Segment Open

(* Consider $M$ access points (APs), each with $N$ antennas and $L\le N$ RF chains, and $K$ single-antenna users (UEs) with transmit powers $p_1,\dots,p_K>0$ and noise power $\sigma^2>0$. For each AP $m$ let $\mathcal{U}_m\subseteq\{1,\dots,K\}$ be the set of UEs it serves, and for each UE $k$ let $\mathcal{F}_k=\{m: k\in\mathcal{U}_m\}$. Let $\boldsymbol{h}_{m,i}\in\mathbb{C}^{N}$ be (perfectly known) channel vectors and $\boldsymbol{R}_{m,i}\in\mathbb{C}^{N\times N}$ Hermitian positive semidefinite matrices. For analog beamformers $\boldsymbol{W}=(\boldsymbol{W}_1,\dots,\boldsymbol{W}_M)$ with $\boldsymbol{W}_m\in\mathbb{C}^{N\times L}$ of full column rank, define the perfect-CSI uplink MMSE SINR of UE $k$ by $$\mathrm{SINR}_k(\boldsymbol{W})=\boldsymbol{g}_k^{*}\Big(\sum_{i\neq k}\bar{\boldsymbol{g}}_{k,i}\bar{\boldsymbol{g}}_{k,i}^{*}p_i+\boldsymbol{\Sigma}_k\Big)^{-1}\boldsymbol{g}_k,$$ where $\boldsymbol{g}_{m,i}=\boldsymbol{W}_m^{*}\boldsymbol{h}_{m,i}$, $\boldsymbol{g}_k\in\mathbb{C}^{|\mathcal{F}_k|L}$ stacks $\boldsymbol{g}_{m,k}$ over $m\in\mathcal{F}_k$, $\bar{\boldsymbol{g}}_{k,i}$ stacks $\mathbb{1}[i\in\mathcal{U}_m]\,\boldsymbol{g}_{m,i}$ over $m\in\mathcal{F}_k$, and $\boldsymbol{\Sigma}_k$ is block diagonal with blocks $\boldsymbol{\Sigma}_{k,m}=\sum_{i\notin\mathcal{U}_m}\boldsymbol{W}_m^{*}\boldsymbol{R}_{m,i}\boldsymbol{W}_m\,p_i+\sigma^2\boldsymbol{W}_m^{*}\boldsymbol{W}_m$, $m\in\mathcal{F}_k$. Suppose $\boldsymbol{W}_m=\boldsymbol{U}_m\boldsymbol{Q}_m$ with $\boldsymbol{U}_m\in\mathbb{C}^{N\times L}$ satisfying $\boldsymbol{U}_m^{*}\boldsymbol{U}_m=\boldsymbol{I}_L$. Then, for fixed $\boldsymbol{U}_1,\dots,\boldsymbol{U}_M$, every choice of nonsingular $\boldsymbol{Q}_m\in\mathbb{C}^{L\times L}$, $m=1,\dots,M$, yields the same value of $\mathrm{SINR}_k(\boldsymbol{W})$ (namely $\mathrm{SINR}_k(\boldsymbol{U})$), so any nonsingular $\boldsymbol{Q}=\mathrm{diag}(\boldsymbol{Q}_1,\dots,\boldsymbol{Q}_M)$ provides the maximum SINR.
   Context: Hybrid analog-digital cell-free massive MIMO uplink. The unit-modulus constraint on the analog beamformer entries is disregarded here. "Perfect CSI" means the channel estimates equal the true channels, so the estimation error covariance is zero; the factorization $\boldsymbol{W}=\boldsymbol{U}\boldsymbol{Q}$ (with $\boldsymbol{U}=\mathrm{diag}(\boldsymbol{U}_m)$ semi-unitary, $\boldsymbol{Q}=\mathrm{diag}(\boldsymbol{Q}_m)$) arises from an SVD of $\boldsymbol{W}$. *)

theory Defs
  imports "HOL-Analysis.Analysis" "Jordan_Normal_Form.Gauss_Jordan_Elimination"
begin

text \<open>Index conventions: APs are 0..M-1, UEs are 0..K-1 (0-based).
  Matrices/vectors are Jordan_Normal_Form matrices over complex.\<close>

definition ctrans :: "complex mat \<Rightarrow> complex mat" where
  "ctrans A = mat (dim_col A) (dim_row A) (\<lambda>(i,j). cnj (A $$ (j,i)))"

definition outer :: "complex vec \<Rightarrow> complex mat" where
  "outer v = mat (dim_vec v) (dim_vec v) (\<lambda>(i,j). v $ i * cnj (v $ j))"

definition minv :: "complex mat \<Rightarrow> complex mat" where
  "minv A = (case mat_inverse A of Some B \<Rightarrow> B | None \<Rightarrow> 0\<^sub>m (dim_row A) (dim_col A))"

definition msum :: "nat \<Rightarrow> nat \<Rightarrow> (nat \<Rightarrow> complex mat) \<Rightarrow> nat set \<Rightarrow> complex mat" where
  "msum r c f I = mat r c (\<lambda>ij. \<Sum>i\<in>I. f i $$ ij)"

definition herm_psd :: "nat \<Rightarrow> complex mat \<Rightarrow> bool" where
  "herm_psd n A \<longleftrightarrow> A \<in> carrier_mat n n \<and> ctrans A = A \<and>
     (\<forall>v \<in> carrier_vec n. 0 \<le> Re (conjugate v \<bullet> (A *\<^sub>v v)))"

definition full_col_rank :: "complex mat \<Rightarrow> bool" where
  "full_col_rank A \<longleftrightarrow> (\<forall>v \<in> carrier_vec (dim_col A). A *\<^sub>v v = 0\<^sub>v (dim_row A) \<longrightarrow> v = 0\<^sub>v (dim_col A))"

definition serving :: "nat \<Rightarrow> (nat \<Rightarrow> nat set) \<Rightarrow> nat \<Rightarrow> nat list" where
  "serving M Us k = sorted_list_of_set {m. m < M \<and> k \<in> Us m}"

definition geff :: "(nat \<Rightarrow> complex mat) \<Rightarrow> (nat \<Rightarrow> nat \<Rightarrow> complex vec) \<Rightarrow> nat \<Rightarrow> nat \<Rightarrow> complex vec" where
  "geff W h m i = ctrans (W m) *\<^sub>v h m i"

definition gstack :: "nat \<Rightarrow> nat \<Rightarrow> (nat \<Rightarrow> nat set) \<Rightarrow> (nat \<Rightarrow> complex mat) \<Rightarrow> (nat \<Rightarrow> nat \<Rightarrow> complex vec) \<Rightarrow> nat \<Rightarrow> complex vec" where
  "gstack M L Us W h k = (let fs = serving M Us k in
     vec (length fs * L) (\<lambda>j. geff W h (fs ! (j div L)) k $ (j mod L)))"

Segment Closed

§ Requirement
Output the entire listing above exactly, keeping each line as it is.

§ Written solution
(* Consider $M$ access points (APs), each with $N$ antennas and $L\le N$ RF chains, and $K$ single-antenna users (UEs) with transmit powers $p_1,\dots,p_K>0$ and noise power $\sigma^2>0$. For each AP $m$ let $\mathcal{U}_m\subseteq\{1,\dots,K\}$ be the set of UEs it serves, and for each UE $k$ let $\mathcal{F}_k=\{m: k\in\mathcal{U}_m\}$. Let $\boldsymbol{h}_{m,i}\in\mathbb{C}^{N}$ be (perfectly known) channel vectors and $\boldsymbol{R}_{m,i}\in\mathbb{C}^{N\times N}$ Hermitian positive semidefinite matrices. For analog beamformers $\boldsymbol{W}=(\boldsymbol{W}_1,\dots,\boldsymbol{W}_M)$ with $\boldsymbol{W}_m\in\mathbb{C}^{N\times L}$ of full column rank, define the perfect-CSI uplink MMSE SINR of UE $k$ by $$\mathrm{SINR}_k(\boldsymbol{W})=\boldsymbol{g}_k^{*}\Big(\sum_{i\neq k}\bar{\boldsymbol{g}}_{k,i}\bar{\boldsymbol{g}}_{k,i}^{*}p_i+\boldsymbol{\Sigma}_k\Big)^{-1}\boldsymbol{g}_k,$$ where $\boldsymbol{g}_{m,i}=\boldsymbol{W}_m^{*}\boldsymbol{h}_{m,i}$, $\boldsymbol{g}_k\in\mathbb{C}^{|\mathcal{F}_k|L}$ stacks $\boldsymbol{g}_{m,k}$ over $m\in\mathcal{F}_k$, $\bar{\boldsymbol{g}}_{k,i}$ stacks $\mathbb{1}[i\in\mathcal{U}_m]\,\boldsymbol{g}_{m,i}$ over $m\in\mathcal{F}_k$, and $\boldsymbol{\Sigma}_k$ is block diagonal with blocks $\boldsymbol{\Sigma}_{k,m}=\sum_{i\notin\mathcal{U}_m}\boldsymbol{W}_m^{*}\boldsymbol{R}_{m,i}\boldsymbol{W}_m\,p_i+\sigma^2\boldsymbol{W}_m^{*}\boldsymbol{W}_m$, $m\in\mathcal{F}_k$. Suppose $\boldsymbol{W}_m=\boldsymbol{U}_m\boldsymbol{Q}_m$ with $\boldsymbol{U}_m\in\mathbb{C}^{N\times L}$ satisfying $\boldsymbol{U}_m^{*}\boldsymbol{U}_m=\boldsymbol{I}_L$. Then, for fixed $\boldsymbol{U}_1,\dots,\boldsymbol{U}_M$, every choice of nonsingular $\boldsymbol{Q}_m\in\mathbb{C}^{L\times L}$, $m=1,\dots,M$, yields the same value of $\mathrm{SINR}_k(\boldsymbol{W})$ (namely $\mathrm{SINR}_k(\boldsymbol{U})$), so any nonsingular $\boldsymbol{Q}=\mathrm{diag}(\boldsymbol{Q}_1,\dots,\boldsymbol{Q}_M)$ provides the maximum SINR.
   Context: Hybrid analog-digital cell-free massive MIMO uplink. The unit-modulus constraint on the analog beamformer entries is disregarded here. "Perfect CSI" means the channel estimates equal the true channels, so the estimation error covariance is zero; the factorization $\boldsymbol{W}=\boldsymbol{U}\boldsymbol{Q}$ (with $\boldsymbol{U}=\mathrm{diag}(\boldsymbol{U}_m)$ semi-unitary, $\boldsymbol{Q}=\mathrm{diag}(\boldsymbol{Q}_m)$) arises from an SVD of $\boldsymbol{W}$. *)

theory Defs
  imports "HOL-Analysis.Analysis" "Jordan_Normal_Form.Gauss_Jordan_Elimination"
begin

text \<open>Index conventions: APs are 0..M-1, UEs are 0..K-1 (0-based).
  Matrices/vectors are Jordan_Normal_Form matrices over complex.\<close>

definition ctrans :: "complex mat \<Rightarrow> complex mat" where
  "ctrans A = mat (dim_col A) (dim_row A) (\<lambda>(i,j). cnj (A $$ (j,i)))"

definition outer :: "complex vec \<Rightarrow> complex mat" where
  "outer v = mat (dim_vec v) (dim_vec v) (\<lambda>(i,j). v $ i * cnj (v $ j))"

definition minv :: "complex mat \<Rightarrow> complex mat" where
  "minv A = (case mat_inverse A of Some B \<Rightarrow> B | None \<Rightarrow> 0\<^sub>m (dim_row A) (dim_col A))"

definition msum :: "nat \<Rightarrow> nat \<Rightarrow> (nat \<Rightarrow> complex mat) \<Rightarrow> nat set \<Rightarrow> complex mat" where
  "msum r c f I = mat r c (\<lambda>ij. \<Sum>i\<in>I. f i $$ ij)"

definition herm_psd :: "nat \<Rightarrow> complex mat \<Rightarrow> bool" where
  "herm_psd n A \<longleftrightarrow> A \<in> carrier_mat n n \<and> ctrans A = A \<and>
     (\<forall>v \<in> carrier_vec n. 0 \<le> Re (conjugate v \<bullet> (A *\<^sub>v v)))"

definition full_col_rank :: "complex mat \<Rightarrow> bool" where
  "full_col_rank A \<longleftrightarrow> (\<forall>v \<in> carrier_vec (dim_col A). A *\<^sub>v v = 0\<^sub>v (dim_row A) \<longrightarrow> v = 0\<^sub>v (dim_col A))"

definition serving :: "nat \<Rightarrow> (nat \<Rightarrow> nat set) \<Rightarrow> nat \<Rightarrow> nat list" where
  "serving M Us k = sorted_list_of_set {m. m < M \<and> k \<in> Us m}"

definition geff :: "(nat \<Rightarrow> complex mat) \<Rightarrow> (nat \<Rightarrow> nat \<Rightarrow> complex vec) \<Rightarrow> nat \<Rightarrow> nat \<Rightarrow> complex vec" where
  "geff W h m i = ctrans (W m) *\<^sub>v h m i"

definition gstack :: "nat \<Rightarrow> nat \<Rightarrow> (nat \<Rightarrow> nat set) \<Rightarrow> (nat \<Rightarrow> complex mat) \<Rightarrow> (nat \<Rightarrow> nat \<Rightarrow> complex vec) \<Rightarrow> nat \<Rightarrow> complex vec" where
  "gstack M L Us W h k = (let fs = serving M Us k in
     vec (length fs * L) (\<lambda>j. geff W h (fs ! (j div L)) k $ (j mod L)))"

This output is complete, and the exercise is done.